Wonder if anyone could offer their advice as to what they would do in my position please?

I'm a 54 year old guy diagnosed with paroxysmal AF 4 years ago.

Had Versions twice and since referred to EP for annual visits which is due next month hence this post.

I take Fleccanide 3 X 100 mg daily, bisoprolol and enalapril also.

Blood pressure is ok with this and I seem to have no side effects to the drugs at the moment.

I exercise daily and this never sets my AF off in fact if I have AF my heart nearly always returns to SR when exercising.

My AF is only ever noticeable at night if I've eaten late or had alcohol but generally I have no symptoms.

My EP has said I can go on the list for Ablation at any time but most of the posts I've read seem to show that ablation doesn't work or last?

Really don't know what to do as my day to day life is almost normal although I appreciate the drugs may be helping of course.

Does anyone think that the ablation is good for me or had similar symptoms?

I'm concerned about the effect on my everyday life the ablation would have and very apprehensive about it.

Thanks for reading and the forum is great.

22 Replies

Hi Mackemaf,

At 44 I decided that I'd rather try alternative options than go down the ablation route and so far I seem to be on top of my AF (still taking 50mg Flecainide am & pm and Tildiem Retard) and, together with the AF nurse I've reduced my Flecainide to this level. I've agreed with the AF nurse that I can email her and that if all is still going well in a few months' time, we'll look at reducing my drugs further. On the other hand, if the AF picks up again I can restart the wait for an ablation.

As you say, there are people in both camps on the forum and each argument has its pros and cons. The big advantages of ablation to me seem to be that with paroxysmal AF, it has pretty good success rates, particularly in younger people (but usually after 2 ablations) so for people whose quality of life is greatly limited by AF it can make a huge difference. Also, it eventually removes the need for the beta blockers and Flecainide, although it seems that you would probably need to be on anticoagulants over the longer term.

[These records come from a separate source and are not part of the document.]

theorem proposition5:
  fixes Q :: "real^'n^'n" and A :: "real^'n^'m" and b :: "real^'m" and c :: "real^'n"
    and xs :: "real^'n" and \<mu>s :: "real^'m" and t :: "real^'m"
  assumes "sym_pos_def Q"
    and "\<exists>x. qp_feasible A b x"
    and "qp_primal_opt Q A b c xs"
    and "qp_dual_opt Q A b c \<mu>s"
    and "t = vsign (\<mu>s + qp_dual_grad Q A b c \<mu>s)"
  shows "(\<exists>b' Q' c' \<mu>'. b' \<noteq> b \<and> sym_pos_def Q' \<and> qp_dual_opt Q' A b' c' \<mu>'
            \<and> qp_primal_opt Q' A b' c' xs
            \<and> vsign (\<mu>' + qp_dual_grad Q' A b' c' \<mu>') = t)
         \<longleftrightarrow> (\<exists>i. t $ i < 0)"
proof
  assume "\<exists>b' Q' c' \<mu>'. b' \<noteq> b \<and> sym_pos_def Q' \<and> qp_dual_opt Q' A b' c' \<mu>'
            \<and> qp_primal_opt Q' A b' c' xs \<and> vsign (\<mu>' + qp_dual_grad Q' A b' c' \<mu>') = t"
  then obtain b' Q' c' \<mu>' where "b' \<noteq> b" and Q': "sym_pos_def Q'"
    and opt': "qp_primal_opt Q' A b' c' xs" "qp_dual_opt Q' A b' c' \<mu>'"
    and t': "t = vsign (\<mu>' + qp_dual_grad Q' A b' c' \<mu>')"
    by metis
  show "\<exists>i. t $ i < 0"
  proof (rule ccontr)
    assume t_nonneg: "\<not> (\<exists>i. t $ i < 0)"
    then have "0 \<le> (\<mu>s + qp_dual_grad Q A b c \<mu>s) $ i" for i
      using assms(5) by (auto simp: vsign_def not_less)
    with assms(1,3,4) have "b = A *v xs" by (rule qp_rhs_eq_if_sign_nonneg)
    moreover from t_nonneg have "0 \<le> (\<mu>' + qp_dual_grad Q' A b' c' \<mu>') $ i" for i
      using t' by (auto simp: vsign_def not_less)
    with Q' opt' have "b' = A *v xs" by (rule qp_rhs_eq_if_sign_nonneg)
    ultimately show False using \<open>b' \<noteq> b\<close> by simp
  qed
next
  assume "\<exists>i. t $ i < 0"
  moreover have "t $ i \<in> {-1, 0, 1}" for i
    using assms(5) by (simp add: vsign_def sgn_if)
  ultimately show "\<exists>b' Q' c' \<mu>'. b' \<noteq> b \<and> sym_pos_def Q' \<and> qp_dual_opt Q' A b' c' \<mu>'
            \<and> qp_primal_opt Q' A b' c' xs \<and> vsign (\<mu>' + qp_dual_grad Q' A b' c' \<mu>') = t"
    using exists_other_rhs_with_sign_pattern sym_pos_def_mat_1 by metis
qed

end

However, the procedure causes scarring to the heart and for me, that was the much bigger concern. I'm the sort of person who prefers to sort out the root of the problem, rather than just fix the symptoms and I've been using Amatsu (a form of Japanese osteopathy), specifically the cranial aspects of the treatment to try and reduce the likelihood of the wrong electrical signals taking over the heart in the first place. (I've also completely changed how I position my shoulder rest on my violin recently so that I don't tense up while playing as AF episodes often followed a rehearsal - what a difference!) This is only my experience and other people (including my husband!) may be sceptical, but it's helped me to feel in control and life is pretty much back to normal. Providing I can continue to reduce the levels of my drugs and I don't get a load more AF episodes, I'm happy to continue on this basis.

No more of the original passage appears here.